» **Exercise details**: A single figure is required: the number of lines below in which the word "assms" occurs.

── Given data

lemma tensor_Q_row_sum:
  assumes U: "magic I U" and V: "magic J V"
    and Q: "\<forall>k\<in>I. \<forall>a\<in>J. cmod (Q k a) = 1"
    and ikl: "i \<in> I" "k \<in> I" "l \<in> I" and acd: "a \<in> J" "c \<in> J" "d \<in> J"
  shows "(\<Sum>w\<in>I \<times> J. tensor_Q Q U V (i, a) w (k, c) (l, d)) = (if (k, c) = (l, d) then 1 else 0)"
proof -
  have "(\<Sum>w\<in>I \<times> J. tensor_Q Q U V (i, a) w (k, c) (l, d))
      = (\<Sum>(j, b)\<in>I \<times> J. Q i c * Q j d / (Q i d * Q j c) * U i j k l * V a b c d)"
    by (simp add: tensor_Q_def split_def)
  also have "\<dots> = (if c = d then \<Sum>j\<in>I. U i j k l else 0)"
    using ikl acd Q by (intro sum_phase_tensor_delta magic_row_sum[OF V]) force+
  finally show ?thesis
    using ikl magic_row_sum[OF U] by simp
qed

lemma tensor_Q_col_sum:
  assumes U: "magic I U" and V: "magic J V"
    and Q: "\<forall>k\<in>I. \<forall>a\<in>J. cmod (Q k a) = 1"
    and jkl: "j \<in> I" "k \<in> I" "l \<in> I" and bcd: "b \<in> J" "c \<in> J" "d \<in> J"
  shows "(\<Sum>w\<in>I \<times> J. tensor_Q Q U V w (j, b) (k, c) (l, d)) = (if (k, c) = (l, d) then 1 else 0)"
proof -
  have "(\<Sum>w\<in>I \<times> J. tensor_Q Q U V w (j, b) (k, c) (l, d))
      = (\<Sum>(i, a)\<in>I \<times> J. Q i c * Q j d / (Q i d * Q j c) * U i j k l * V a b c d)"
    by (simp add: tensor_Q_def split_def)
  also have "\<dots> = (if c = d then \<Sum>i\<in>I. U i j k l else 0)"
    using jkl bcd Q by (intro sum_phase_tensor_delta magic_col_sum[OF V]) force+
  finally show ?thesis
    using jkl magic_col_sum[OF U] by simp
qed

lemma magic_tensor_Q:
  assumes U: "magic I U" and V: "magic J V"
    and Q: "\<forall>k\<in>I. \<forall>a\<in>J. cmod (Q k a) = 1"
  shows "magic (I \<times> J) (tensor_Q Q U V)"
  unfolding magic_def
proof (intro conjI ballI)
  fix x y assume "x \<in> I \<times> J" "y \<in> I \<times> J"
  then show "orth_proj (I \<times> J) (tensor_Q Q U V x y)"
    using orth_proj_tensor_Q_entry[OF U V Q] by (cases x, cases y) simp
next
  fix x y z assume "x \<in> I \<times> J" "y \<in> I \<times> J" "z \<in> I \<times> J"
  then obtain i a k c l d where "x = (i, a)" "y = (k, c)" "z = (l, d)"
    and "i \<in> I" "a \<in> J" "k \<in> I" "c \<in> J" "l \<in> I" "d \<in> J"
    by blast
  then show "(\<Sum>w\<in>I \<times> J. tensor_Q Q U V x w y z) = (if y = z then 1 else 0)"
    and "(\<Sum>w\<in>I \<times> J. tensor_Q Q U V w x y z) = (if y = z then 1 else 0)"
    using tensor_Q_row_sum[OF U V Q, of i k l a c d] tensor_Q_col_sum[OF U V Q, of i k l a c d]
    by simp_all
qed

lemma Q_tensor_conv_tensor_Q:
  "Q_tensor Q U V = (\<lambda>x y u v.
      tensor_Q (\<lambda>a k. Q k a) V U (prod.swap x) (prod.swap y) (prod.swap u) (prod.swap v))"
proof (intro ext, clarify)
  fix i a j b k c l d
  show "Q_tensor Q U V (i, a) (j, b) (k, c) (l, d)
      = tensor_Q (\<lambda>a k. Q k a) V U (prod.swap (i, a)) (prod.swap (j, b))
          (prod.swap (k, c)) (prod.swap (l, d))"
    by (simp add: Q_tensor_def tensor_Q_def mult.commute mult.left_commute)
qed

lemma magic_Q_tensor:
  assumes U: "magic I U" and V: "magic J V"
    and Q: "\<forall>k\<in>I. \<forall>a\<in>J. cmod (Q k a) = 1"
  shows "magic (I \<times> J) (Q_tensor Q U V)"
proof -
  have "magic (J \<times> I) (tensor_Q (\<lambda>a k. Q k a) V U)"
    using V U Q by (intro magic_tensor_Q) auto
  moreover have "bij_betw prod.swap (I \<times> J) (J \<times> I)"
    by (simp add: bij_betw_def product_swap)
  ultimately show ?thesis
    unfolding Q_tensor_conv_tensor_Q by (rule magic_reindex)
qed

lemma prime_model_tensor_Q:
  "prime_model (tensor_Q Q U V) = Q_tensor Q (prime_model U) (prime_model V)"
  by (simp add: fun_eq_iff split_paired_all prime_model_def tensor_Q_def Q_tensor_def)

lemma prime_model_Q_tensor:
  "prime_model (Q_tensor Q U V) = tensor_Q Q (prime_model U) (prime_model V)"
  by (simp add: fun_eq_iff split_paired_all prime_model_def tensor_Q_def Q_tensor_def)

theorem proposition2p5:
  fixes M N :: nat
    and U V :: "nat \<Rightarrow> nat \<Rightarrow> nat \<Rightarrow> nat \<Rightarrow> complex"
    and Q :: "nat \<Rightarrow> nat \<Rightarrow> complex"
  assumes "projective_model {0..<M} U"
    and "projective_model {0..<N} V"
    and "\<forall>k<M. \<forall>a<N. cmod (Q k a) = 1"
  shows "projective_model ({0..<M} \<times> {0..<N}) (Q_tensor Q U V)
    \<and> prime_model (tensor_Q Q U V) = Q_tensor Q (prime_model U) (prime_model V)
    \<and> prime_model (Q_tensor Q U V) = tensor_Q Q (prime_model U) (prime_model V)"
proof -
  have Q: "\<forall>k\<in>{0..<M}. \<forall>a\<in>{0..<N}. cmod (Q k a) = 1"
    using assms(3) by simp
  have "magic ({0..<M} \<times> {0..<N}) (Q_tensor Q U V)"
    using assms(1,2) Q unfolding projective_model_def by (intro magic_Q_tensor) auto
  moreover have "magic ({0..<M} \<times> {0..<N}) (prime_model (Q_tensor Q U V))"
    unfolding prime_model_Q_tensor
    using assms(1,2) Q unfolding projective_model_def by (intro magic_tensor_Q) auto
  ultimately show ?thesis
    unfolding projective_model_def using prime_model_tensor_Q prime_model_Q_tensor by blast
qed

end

────

» **Answer space**: 3